Clinical commissioning group representatives have condemned a direction from NHS England saying they must contribute £250m to a national fund for “legacy debts” of primary care trusts.

NHS Clinical Commissioners, which represents CCGs, has written to NHS England objecting to a plan to set up a compulsory risk pool to pay for historic claims for continuing healthcare funding.

Last month NHS England wrote to CCGs instructing them to set aside a total of £250m in 2014-15 to contribute to the fund, which it will hold, in the form of a 0.39 per cent claim on each CCG’s allocation.

NHS England’s letter said CCG allocations for 2014-15 were set “on the basis that they will cover the costs of settling legacy continuing health care provisions”, and CCGs were legally liable for the claims. It also indicated the contribution could form part of the 2.5 per cent of CCGs’ funding which is required to be spent non-recurrently in 2014-15.

Individuals can claim continuing healthcare funding – for the full costs of their care such as care homes, community nursing or therapy – if their primary need for it is deemed to be a “health need”.

During 2012-13, a huge number of retrospective claims were submitted to primary care trusts by people who believed they have previously paid for eligible care but not claimed, amounting to significant costs.

NHS England’s plan to fund these retrospective claims in 2014-15 is contrary to promises given by former health secretary Andrew Lansley, before CCGs were established, that they would not inherit debts of predecessor organisations.

The letter from NHS Clinical Commissioners co-chairs Steve Kell and Amanda Doyle says the issue is a “significant concern” for members.

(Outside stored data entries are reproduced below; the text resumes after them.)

lemma quad_form_gromov_kernel:
  "quad_form gromov_kernel A c
     = 2 * (\<Sum>x\<in>A. c x) * (\<Sum>x\<in>A. c x * norm x) - quad_form (\<lambda>x y. norm (x - y)) A c"
proof -
  have "quad_form gromov_kernel A c
      = (\<Sum>x\<in>A. \<Sum>y\<in>A. (c x * norm x) * c y + c x * (c y * norm y) - c x * c y * norm (x - y))"
    unfolding quad_form_def gromov_kernel_def by (intro sum.cong refl) (simp add: algebra_simps)
  also have "\<dots> = (\<Sum>x\<in>A. \<Sum>y\<in>A. (c x * norm x) * c y) + (\<Sum>x\<in>A. \<Sum>y\<in>A. c x * (c y * norm y))
      - quad_form (\<lambda>x y. norm (x - y)) A c"
    unfolding quad_form_def by (simp add: sum.distrib sum_subtractf)
  also have "(\<Sum>x\<in>A. \<Sum>y\<in>A. (c x * norm x) * c y) = (\<Sum>x\<in>A. c x * norm x) * (\<Sum>x\<in>A. c x)"
    by (simp add: sum_product)
  also have "(\<Sum>x\<in>A. \<Sum>y\<in>A. c x * (c y * norm y)) = (\<Sum>x\<in>A. c x) * (\<Sum>x\<in>A. c x * norm x)"
    by (simp add: sum_product)
  finally show ?thesis by simp
qed

text \<open>Adjoining the point \<open>0\<close> with weight \<open>- (\<Sum>x\<in>A. c x)\<close> turns the conditional negative
  definiteness of the norm into positive semidefiniteness of the Gromov kernel.\<close>

lemma psd_kernel_gromov:
  fixes A :: "'a::real_inner set"
  assumes "finite A"
  shows "psd_kernel gromov_kernel A"
  unfolding psd_kernel_def
proof
  fix c :: "'a \<Rightarrow> real"
  let ?B = "insert 0 A"
  let ?d = "\<lambda>x y. norm (x - y)"
  define c' where "c' = (\<lambda>x. if x \<in> A then c x else 0)"
  define \<mu> where "\<mu> = - (\<Sum>x\<in>A. c x)"
  have fin: "finite ?B" using assms by simp
  have sum_c': "(\<Sum>x\<in>?B. c' x * f x) = (\<Sum>x\<in>A. c x * f x)" for f
  proof -
    have "(\<Sum>x\<in>?B. c' x * f x) = (\<Sum>x\<in>A. c' x * f x)"
      by (rule sum.mono_neutral_right) (use assms in \<open>auto simp: c'_def\<close>)
    then show ?thesis by (simp add: c'_def)
  qed
  have "(\<Sum>x\<in>?B. c' x + \<mu> * indicator {0} x)
      = (\<Sum>x\<in>?B. c' x * 1) + \<mu> * (\<Sum>x\<in>?B. indicator {0} x * 1)"
    by (simp add: sum.distrib sum_distrib_left)
  also have "\<dots> = 0"
    unfolding sum_c' sum_indicator_singleton_mult[OF fin insertI1] \<mu>_def by simp
  finally have "quad_form ?d ?B (\<lambda>x. c' x + \<mu> * indicator {0} x) \<le> 0"
    by (rule norm_cond_neg_def[OF fin])
  also have "quad_form ?d ?B (\<lambda>x. c' x + \<mu> * indicator {0} x)
      = quad_form ?d ?B c' + 2 * \<mu> * (\<Sum>x\<in>?B. c' x * norm (x - 0)) + \<mu>\<^sup>2 * norm (0 - 0 :: 'a)"
    by (rule quad_form_add_indicator[OF fin insertI1 sym_kernel_dist])
  also have "quad_form ?d ?B c' = quad_form ?d A c"
    unfolding c'_def by (rule quad_form_zero_extend[OF fin]) auto
  finally have "quad_form ?d A c - 2 * (\<Sum>x\<in>A. c x) * (\<Sum>x\<in>A. c x * norm x) \<le> 0"
    unfolding sum_c' \<mu>_def by simp
  then show "0 \<le> quad_form gromov_kernel A c" unfolding quad_form_gromov_kernel by simp
qed

text \<open>If the form vanishes, \<open>c\<close> lies in the null space of the Gromov kernel on \<open>insert y A\<close>.\<close>

lemma quad_form_dist_eq_0_imp_const:
  fixes A :: "'a::real_inner set"
  assumes "finite A" "(\<Sum>x\<in>A. c x) = 0" "quad_form (\<lambda>x y. norm (x - y)) A c = 0"
  shows "(\<Sum>x\<in>A. c x * norm (x - y)) = (\<Sum>x\<in>A. c x * norm x)"
proof -
  let ?B = "insert y A"
  define c' where "c' = (\<lambda>x. if x \<in> A then c x else 0)"
  have fin: "finite ?B" using assms(1) by simp
  have "quad_form gromov_kernel ?B c' = quad_form gromov_kernel A c"
    unfolding c'_def by (rule quad_form_zero_extend[OF fin]) auto
  also have "\<dots> = 0" using assms(2,3) by (simp add: quad_form_gromov_kernel)
  finally have "(\<Sum>x\<in>?B. c' x * gromov_kernel x y) = 0"
    by (rule psd_kernel_isotropic_imp_null[OF fin psd_kernel_gromov[OF fin] sym_kernel_gromov insertI1])
  also have "(\<Sum>x\<in>?B. c' x * gromov_kernel x y) = (\<Sum>x\<in>A. c x * gromov_kernel x y)"
  proof -
    have "(\<Sum>x\<in>?B. c' x * gromov_kernel x y) = (\<Sum>x\<in>A. c' x * gromov_kernel x y)"
      by (rule sum.mono_neutral_right) (use fin in \<open>auto simp: c'_def\<close>)
    then show ?thesis by (simp add: c'_def)
  qed
  also have "\<dots> = (\<Sum>x\<in>A. c x * norm x) + norm y * (\<Sum>x\<in>A. c x) - (\<Sum>x\<in>A. c x * norm (x - y))"
    unfolding gromov_kernel_def by (simp add: algebra_simps sum.distrib sum_subtractf sum_distrib_left)
  finally show ?thesis using assms(2) by simp
qed

lemma norm_second_difference_bounds:
  fixes p u :: "'a::real_inner"
  assumes "p \<noteq> 0" "norm u = 1"
  shows "0 \<le> norm (p - e *\<^sub>R u) + norm (p + e *\<^sub>R u) - 2 * norm p"
    and "norm (p - e *\<^sub>R u) + norm (p + e *\<^sub>R u) - 2 * norm p \<le> e\<^sup>2 / norm p"
proof -
  have "norm ((p - e *\<^sub>R u) + (p + e *\<^sub>R u)) \<le> norm (p - e *\<^sub>R u) + norm (p + e *\<^sub>R u)"
    by (rule norm_triangle_ineq)
  then show "0 \<le> norm (p - e *\<^sub>R u) + norm (p + e *\<^sub>R u) - 2 * norm p"
    by (simp add: scaleR_2 flip: scaleR_2)
next
  define a where "a = norm (p - e *\<^sub>R u)"
  define b where "b = norm (p + e *\<^sub>R u)"
  define P where "P = norm p"
  have P: "P > 0" using assms unfolding P_def by simp
  have "u \<bullet> u = 1" using assms(2) by (simp add: norm_eq_1)
  then have parallelogram: "a\<^sup>2 + b\<^sup>2 = 2 * P\<^sup>2 + 2 * e\<^sup>2"
    unfolding a_def b_def P_def power2_norm_eq_inner
    by (simp add: inner_diff inner_add inner_commute algebra_simps power2_eq_square)
  have "(a + b)\<^sup>2 \<le> 2 * (a\<^sup>2 + b\<^sup>2)"
    by (smt (verit) sum_squares_bound zero_le_power2 power2_sum power2_diff)
  also have "\<dots> \<le> (2 * P + e\<^sup>2 / P)\<^sup>2"
  proof -
    have "(2 * P + e\<^sup>2 / P)\<^sup>2 = 4 * P\<^sup>2 + 4 * e\<^sup>2 + (e\<^sup>2 / P)\<^sup>2"
      using P by (simp add: power2_eq_square field_simps)
    then show ?thesis using parallelogram by simp
  qed
  finally have "a + b \<le> 2 * P + e\<^sup>2 / P"
    by (rule power2_le_imp_le) (use P in simp)
  then show "a + b - 2 * P \<le> e\<^sup>2 / P" by simp
qed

It says the NHS England instruction “runs counter to all that was previously agreed… it is therefore totally unacceptable to CCGs”, and was a “complete surprise” to CCGs’ finance managers.

“Within the context of the very tight financial allocations, there is a very real risk that needing to identify a risk pool will divert resources critical for a number of high level CCG priorities, including service transformation,” it says. “It will also risk CCGs not being able to secure resources to protect and develop high quality care for patients.”

The letter also complains about NHS England’s approach to the issue in instructing CCGs how to use their own funds. It says this behavior doesn’t “sit comfortably” with agreements about the “different roles, responsibilities and accountabilities CCGs and NHS England have for leading the commissioning system”.

They also emphasise that NHS England should be clear and consistent about “the respective decision making powers and processes, and rules for intervening, for both CCGs and NHS England as separate statutory bodies”.

HSJ was awaiting NHS England’s response when this story was published.